Tuning the Coherent Propagation of Organic Exciton-Polaritons through Dark State Delocalization

Abstract

While there have been numerous reports of long-range polariton transport at room-temperature in organic cavities, the spatiotemporal evolution of the propagation is scarcely reported, particularly in the initial coherent sub-ps regime, where photon and exciton wavefunctions are inextricably mixed. Hence the detailed process of coherent organic exciton-polariton transport and, in particular, the role of dark states has remained poorly understood.
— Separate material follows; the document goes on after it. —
(* (a) The Baire space $\mathcal{N}$ has a $\pi$-tree $\mathbf{F}$ such that $\mathrm{cofin}\,\omega\gg\mathrm{Rise}_{\mathbf{F}}(\mathcal{N})$. (b) The Sorgenfrey line $\mathcal{R}_{\mathcal{S}}$ has a $\pi$-tree $\mathbf{G}$ such that $\mathrm{cofin}\,\omega\gg\mathrm{Rise}_{\mathbf{G}}(\mathcal{R}_{\mathcal{S}})$. (c) If $X\subseteq\mathcal{R}_{\mathcal{S}}$ and $\mathcal{R}_{\mathcal{S}}\setminus X$ is at most countable, then the subspace $X$ has a $\pi$-tree $\mathbf{H}$ such that $\mathrm{cofin}\{2n+1:n\in\omega\}\gg\mathrm{Rise}_{\mathbf{H}}(X)$.
   Context: $\mathcal{N}$ is ${}^{\omega}\omega$ with the product topology ($\omega$ discrete); $\mathcal{R}_{\mathcal{S}}$ is the real line with the topology generated by half-open intervals $[a,b)$. For a set $B$, $\mathrm{cofin}\,B=\{B\setminus F: F\subseteq B\text{ finite}\}$. Neighbourhoods are not necessarily open. $\omega=\{0,1,2,\dots\}$, ${}^{<\omega}\omega$ is the set of finite sequences of natural numbers. A tree is a strict partial order in which the set of predecessors of every node is well-ordered; $\mathrm{height}(x)$ is the ordinal isomorphic to the set of predecessors of $x$; a branch is a maximal chain; $\mathrm{sons}(x)$ is the set of immediate successors of $x$; $0$ denotes the least node. A foliage tree is a pair $\mathbf{F}=(T,l)$ with $T$ a tree (skeleton) and $l$ a function on its nodes, $\mathbf{F}_x:=l(x)$; tree notions apply via the skeleton. $\mathrm{shoot}_{\mathbf{F}}(v)=\{\bigcup_{x\in C}\mathbf{F}_x: C\text{ a cofinite subset of }\mathrm{sons}_{\mathbf{F}}(v)\}$; $\mathrm{scope}_{\mathbf{F}}(p)=\{x:p\in\mathbf{F}_x\}$. For families $\gamma,\delta$ of sets, $\gamma\gg\delta$ means every nonempty $D\in\delta$ contains some nonempty $G\in\gamma$. $\mathrm{rise}_{\mathbf{F}}(p,U)=\{\mathrm{height}_{\mathbf{F}}(v): v\in\mathrm{scope}_{\mathbf{F}}(p),\ \mathrm{shoot}_{\mathbf{F}}(v)\gg\{U\}\}$; $\mathrm{Rise}_{\mathbf{F}}(X)=\{\mathrm{rise}_{\mathbf{F}}(p,U):p\in X,\ U\text{ a neighbourhood of }p\text{ in }X\}$. $\mathbf{F}$ is locally strict if each non-maximal leaf $\mathbf{F}_x$ is the disjoint union of $\mathbf{F}_s$, $s\in\mathrm{sons}(x)$; has strict branches if it has a node and for each branch $B$, $\bigcap_{x\in B}\mathbf{F}_x$ is a singleton; is open in $X$ if all leaves are open in $X$; is a foliage $\omega,\omega$-tree if its skeleton is order-isomorphic to $({}^{<\omega}\omega,\subsetneq)$. A Baire foliage tree on $X$ is an open in $X$, locally strict foliage $\omega,\omega$-tree with strict branches and $\mathbf{F}_{0_{\mathbf{F}}}=X$. $\mathbf{F}$ grows into $X$ if for every $p\in X$ and neighbourhood $U$ of $p$ there is $z\in\mathrm{scope}_{\mathbf{F}}(p)$ with $\mathrm{shoot}_{\mathbf{F}}(z)\gg\{U\}$. A $\pi$-tree on $X$ is a Baire foliage tree on $X$ that grows into $X$. *)

theory Defs
  imports "HOL-Analysis.Analysis"
begin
Here, femtosecond transient absorption microscopy is used to directly image coherent polariton motion in microcavities of varying quality factor. The transport is found to be well-described by a model of band-like propagation of an initially Gaussian distribution of exciton-polaritons in real space. The velocity of the polaritons reaches values of ≈ 0.65 × 10⁶ m s^-1 , substantially lower than expected from the polariton dispersion. Further, it is found that the velocity is proportional to the quality factor of the microcavity. This unexpected link between the quality-factor and polariton velocity is suggested to be a result of varying admixing between delocalized dark and polariton states.
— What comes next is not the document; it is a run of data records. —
lemma greedy_move_effect:
  assumes G: "routing_game V E N src dst P" and R: "is_routing N P p"
    and move: "greedy_move N P p q"
  shows "is_routing N P q" and "potential E N q < potential E N p"
    and "social_cost E N q \<le> social_cost E N p"
proof -
  obtain i p' where i: "i \<in> {1..N}" and p': "p' \<in> P i" and q: "q = p(i := p')"
    and improves: "player_cost N (p(i := p')) i < player_cost N p i"
    using move unfolding greedy_move_def by blast
  let ?c = "player_cost N p i"
  have below: "\<forall>x. load N q x \<noteq> load N p x \<longrightarrow> load N q x < ?c"
    using improving_move_changes_below[OF i improves] q by blast
  show "is_routing N P q"
    using R p' q unfolding is_routing_def by auto
  have "finite (resources E N)"
    using routing_game_finite_edges[OF G] by (simp add: resources_def)
  then show "potential E N q < potential E N p"
    unfolding potential_def
    using below improving_move_changes_top[OF i improves routing_path_edges[OF G R i]] q
    by (intro image_mset_less_if_changes_below) auto
  have "edge_cong N q e < ?c" if "edge_cong N q e \<noteq> edge_cong N p e" for e
    using below[rule_format, of "Inl e"] that by (simp add: load_def)
  then have "congestion E N q \<le> max ?c (congestion E N p)"
    using routing_game_finite_edges[OF G] unfolding congestion_def
    by (intro Max_changes_below) auto
  moreover have "path_len (q j) < ?c" if "path_len (q j) \<noteq> path_len (p j)" for j
    using below[rule_format, of "Inr j"] that by (simp add: load_def)
  then have "dilation N q \<le> max ?c (dilation N p)"
    unfolding dilation_def by (intro Max_changes_below) auto
  ultimately show "social_cost E N q \<le> social_cost E N p"
    using player_cost_le_social_cost[OF G R i] unfolding social_cost_def by auto
qed

lemma no_greedy_move_nash:
  "is_routing N P p \<Longrightarrow> \<nexists>q. greedy_move N P p q \<Longrightarrow> nash_routing N P p"
  unfolding nash_routing_def greedy_move_def by (metis not_le)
Keywords: Q-factor; TA microscopy; coherent transport; dark states; energy transport; exciton-polaritons.

Figure 1

Optical characterization of BODIPY‐R microcavities. a) Absorption spectrum of a bare film of BODIPY‐R molecules in polystyrene matrix (red) and reflectivity of a DBR with n = 7.5 (blue), with superimposed fits (lines) used for transfer matrix simulations. b) Schematic of DBR microcavity, consisting of pairs of Nb₂O₅/SiO₂ alternating layers. BODIPY‐R molecules in a polystyrene matrix are sandwiched in the center of the cavity. c) Angle‐resolved reflectivity of a reference TiO₂/SiO₂ n = 5.5 microcavity with lower (LP) and upper (UP) polariton branches marked. Circles denote LP and UP dispersions obtained from transfer matrix simulation. The corresponding uncoupled cavity mode and exciton positions are indicated as solid lines. Dashed box shows range of wavelengths covered by pump pulse in fs transient absorption microscopy experiment and range of wavevectors pumped by the high numerical aperture objective (total range of 128.4°). d) Simulated transmission spectra of model (empty) Nb₂O₅/SiO₂ cavities showing the narrowing of spectra with increasing Q‐factor. e) Transient absorption of BODIPY‐R dispersed in polystyrene film and microcavities with Q‐factors ranging from 66 to 479 (n = 3.5 to n = 6.5), excited with a ≈10 fs broadband pump pulse (FWHM ≈60 nm) centered at 550 nm. In the film the positive feature at 640 nm corresponds to the bleach. In the microcavities, the positive features at 620 to 660 nm match the position of the UP and LP at ≈0°. f) Decay of UP bleach (unshaded) and rise times of LP bleach (purple shading) extracted from exponential fit of the transient absorption kinetics.

Figure 2

Transient absorption microscopy images of BODIPY‐R molecules in microcavity for n = 3.5 (top) and n = 6.5 (bottom) mirror pairs. a) Transient absorption microscopy images showing initial expansion up to 125 fs and subsequent contraction. The dotted line indicates the radial Gaussian standard deviation. The scale bar in the images is 500 nm. b) Kinetic extracted from center of spatial pump probe signal for the full cavity series. Stars indicate the signal maximum used to calculate t ₀ for each cavity. c) Mean‐square displacement of signal as a function of time. Circles are raw data and solid line shows fit to Equation (5). d) Coherence loss time (circles) extracted from Equation (5) as a function Q‐factor. Error bars are derived from a minimum of five repeat experiments. Squares indicate the corresponding photon lifetime for the cavity. e) Exciton‐polariton velocity (circles) extracted from fitting equation (5) to MSD, as a function of Q‐factor. Experimental error bars are derived from a minimum of five repeat experiments at different sample locations. Triangles show expected group velocity of UP (filled) and LP states (open), calculated as described in the main text and scaled for ease of comparison. Error bars reflect standard deviation for cavity thicknesses 200–215 nm.

Figure 3

Summary of proposed mechanism for Q‐factor dependence of transport. (Left) Rapid population exchange between bright polaritons and dark states occurs at a rate k _exchange. Until decoherence, these states transport together. (Center) The Q‐factor directly impacts the photonic density of states (Gaussians) and thus indirectly impacts the energetic distribution of coupled versus uncoupled molecules (circles), though the same proportion of molecules is strongly coupled in every case. The resulting dark states exhibit Q‐factor‐dependent bandwidth. (Right) This effect leads to correspondingly Q‐factor‐dependent delocalization of the dark states (black, blue, red). As the spatial extent of the bright polaritons (green) is large and approximately constant, this alteration of dark states is the principal means to alter the wavefunction overlap (outlines) and thus rate of exchange between polaritons and dark states.